# [EXERCISE AIM]
How many lines of the data contain "datatype"? Reply with the number alone.

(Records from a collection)

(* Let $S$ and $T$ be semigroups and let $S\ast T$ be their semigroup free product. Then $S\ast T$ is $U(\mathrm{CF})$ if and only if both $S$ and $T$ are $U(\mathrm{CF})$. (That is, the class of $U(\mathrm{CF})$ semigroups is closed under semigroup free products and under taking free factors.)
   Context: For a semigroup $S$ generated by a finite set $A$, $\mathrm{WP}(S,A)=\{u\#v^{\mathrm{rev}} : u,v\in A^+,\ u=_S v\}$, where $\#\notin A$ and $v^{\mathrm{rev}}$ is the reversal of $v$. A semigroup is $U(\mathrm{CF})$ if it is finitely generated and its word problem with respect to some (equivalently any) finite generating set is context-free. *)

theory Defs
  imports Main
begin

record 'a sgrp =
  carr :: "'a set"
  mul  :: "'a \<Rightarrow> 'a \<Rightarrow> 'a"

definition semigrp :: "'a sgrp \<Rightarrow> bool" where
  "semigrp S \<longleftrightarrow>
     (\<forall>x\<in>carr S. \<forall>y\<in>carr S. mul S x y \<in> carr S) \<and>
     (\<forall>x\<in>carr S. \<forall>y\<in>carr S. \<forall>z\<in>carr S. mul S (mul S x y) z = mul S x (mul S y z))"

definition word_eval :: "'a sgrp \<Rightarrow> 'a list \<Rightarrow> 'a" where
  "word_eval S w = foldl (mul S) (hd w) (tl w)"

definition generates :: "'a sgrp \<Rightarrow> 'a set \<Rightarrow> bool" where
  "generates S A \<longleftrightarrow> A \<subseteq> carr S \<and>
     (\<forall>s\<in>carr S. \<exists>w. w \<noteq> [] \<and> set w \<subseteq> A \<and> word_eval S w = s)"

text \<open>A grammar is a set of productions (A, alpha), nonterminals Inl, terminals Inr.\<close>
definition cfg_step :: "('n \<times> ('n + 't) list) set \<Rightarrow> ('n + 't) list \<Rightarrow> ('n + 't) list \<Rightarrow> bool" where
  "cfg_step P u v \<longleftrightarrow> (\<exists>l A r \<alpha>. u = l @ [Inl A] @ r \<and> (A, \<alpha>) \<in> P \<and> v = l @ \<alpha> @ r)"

...

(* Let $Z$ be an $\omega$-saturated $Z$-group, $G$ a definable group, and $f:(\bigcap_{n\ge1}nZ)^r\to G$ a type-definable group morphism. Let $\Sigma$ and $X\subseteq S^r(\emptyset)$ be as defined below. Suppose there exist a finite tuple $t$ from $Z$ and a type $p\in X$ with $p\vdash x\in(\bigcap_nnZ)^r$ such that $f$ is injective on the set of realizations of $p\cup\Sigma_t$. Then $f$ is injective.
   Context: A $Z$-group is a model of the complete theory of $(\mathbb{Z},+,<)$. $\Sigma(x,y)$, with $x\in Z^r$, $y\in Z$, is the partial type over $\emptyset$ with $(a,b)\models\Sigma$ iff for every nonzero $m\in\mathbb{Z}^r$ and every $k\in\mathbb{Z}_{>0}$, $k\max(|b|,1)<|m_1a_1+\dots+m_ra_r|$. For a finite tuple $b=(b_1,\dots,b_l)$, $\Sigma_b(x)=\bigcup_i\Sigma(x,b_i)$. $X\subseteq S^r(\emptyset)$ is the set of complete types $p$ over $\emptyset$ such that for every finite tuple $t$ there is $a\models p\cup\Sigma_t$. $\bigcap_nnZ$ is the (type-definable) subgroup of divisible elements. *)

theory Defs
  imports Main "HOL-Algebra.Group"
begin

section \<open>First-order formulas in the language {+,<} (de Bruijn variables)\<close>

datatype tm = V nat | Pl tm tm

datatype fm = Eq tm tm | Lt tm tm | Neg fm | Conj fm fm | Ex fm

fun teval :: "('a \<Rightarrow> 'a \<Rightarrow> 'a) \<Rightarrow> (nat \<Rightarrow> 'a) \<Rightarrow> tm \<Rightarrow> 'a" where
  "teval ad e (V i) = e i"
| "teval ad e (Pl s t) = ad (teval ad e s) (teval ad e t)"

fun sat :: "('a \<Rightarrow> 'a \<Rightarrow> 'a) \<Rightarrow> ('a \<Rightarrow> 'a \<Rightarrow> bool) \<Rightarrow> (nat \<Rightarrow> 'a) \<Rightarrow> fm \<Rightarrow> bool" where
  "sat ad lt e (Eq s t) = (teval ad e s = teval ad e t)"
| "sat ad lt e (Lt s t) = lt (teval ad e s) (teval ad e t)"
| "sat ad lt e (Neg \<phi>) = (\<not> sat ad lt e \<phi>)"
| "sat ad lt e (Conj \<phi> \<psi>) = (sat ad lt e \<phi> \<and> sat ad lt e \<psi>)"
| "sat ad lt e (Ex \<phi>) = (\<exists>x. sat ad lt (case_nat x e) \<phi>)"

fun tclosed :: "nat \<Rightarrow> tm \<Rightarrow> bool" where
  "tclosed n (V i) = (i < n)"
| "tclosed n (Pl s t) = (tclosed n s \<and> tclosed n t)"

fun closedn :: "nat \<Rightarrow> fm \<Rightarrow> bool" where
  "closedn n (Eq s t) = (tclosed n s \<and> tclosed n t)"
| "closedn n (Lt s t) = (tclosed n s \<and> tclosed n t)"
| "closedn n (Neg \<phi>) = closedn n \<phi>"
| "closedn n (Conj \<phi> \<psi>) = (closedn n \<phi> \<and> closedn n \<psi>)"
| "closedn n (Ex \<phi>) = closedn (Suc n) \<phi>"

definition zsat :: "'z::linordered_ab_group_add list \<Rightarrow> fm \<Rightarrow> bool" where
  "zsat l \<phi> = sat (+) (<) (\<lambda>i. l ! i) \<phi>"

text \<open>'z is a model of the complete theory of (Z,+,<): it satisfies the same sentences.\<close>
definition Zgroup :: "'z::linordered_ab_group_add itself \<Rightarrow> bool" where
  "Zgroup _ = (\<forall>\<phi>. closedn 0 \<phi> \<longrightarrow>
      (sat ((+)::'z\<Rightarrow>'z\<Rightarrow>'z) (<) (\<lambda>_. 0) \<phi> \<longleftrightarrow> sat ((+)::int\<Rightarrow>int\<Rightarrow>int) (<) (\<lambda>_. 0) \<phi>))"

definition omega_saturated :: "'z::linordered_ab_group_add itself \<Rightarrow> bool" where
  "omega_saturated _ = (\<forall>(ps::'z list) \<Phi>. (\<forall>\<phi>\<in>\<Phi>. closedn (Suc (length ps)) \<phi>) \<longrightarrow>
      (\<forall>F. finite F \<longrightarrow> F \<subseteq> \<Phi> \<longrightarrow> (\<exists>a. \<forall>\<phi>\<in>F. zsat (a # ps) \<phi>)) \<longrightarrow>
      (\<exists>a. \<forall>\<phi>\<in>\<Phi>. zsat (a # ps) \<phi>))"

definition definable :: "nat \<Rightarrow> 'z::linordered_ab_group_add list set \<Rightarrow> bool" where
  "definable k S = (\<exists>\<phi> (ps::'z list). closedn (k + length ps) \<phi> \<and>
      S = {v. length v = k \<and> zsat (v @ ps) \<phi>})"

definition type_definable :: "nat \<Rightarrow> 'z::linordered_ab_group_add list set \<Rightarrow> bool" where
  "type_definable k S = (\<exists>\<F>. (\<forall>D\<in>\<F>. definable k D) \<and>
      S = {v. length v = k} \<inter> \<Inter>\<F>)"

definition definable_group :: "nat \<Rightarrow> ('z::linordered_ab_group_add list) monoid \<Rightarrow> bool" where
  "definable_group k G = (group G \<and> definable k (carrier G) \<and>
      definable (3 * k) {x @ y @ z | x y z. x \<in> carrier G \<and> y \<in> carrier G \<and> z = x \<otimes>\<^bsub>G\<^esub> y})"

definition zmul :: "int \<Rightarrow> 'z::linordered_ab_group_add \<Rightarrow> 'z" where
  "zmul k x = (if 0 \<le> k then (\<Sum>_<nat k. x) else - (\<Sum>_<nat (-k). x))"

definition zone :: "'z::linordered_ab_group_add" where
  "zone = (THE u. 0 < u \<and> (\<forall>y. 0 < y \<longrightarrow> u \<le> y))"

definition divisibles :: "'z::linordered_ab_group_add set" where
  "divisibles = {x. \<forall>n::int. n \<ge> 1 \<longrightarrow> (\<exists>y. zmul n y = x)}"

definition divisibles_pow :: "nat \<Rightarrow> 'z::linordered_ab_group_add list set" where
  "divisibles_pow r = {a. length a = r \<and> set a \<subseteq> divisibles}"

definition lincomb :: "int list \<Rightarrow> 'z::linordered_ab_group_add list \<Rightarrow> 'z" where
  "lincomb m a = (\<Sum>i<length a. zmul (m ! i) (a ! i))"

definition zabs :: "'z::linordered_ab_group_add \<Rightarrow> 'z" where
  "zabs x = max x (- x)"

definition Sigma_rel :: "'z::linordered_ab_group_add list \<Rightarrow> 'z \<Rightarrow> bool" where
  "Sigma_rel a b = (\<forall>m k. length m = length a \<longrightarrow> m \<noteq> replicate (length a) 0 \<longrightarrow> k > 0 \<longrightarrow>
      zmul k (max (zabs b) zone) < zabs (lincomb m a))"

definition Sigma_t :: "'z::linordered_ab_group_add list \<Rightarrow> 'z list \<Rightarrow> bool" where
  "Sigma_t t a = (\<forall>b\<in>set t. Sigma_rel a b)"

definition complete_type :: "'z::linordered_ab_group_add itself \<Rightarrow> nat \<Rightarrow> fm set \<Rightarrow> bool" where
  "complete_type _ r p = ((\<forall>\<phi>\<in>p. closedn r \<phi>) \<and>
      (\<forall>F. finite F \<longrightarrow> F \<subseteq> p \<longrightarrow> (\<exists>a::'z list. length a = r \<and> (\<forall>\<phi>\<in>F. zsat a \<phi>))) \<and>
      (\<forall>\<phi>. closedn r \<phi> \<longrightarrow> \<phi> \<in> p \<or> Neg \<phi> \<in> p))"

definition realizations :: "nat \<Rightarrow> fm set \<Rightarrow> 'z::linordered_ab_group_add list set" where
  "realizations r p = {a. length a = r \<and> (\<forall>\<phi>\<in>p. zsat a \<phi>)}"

# [SOLUTION FOR THIS TASK]
2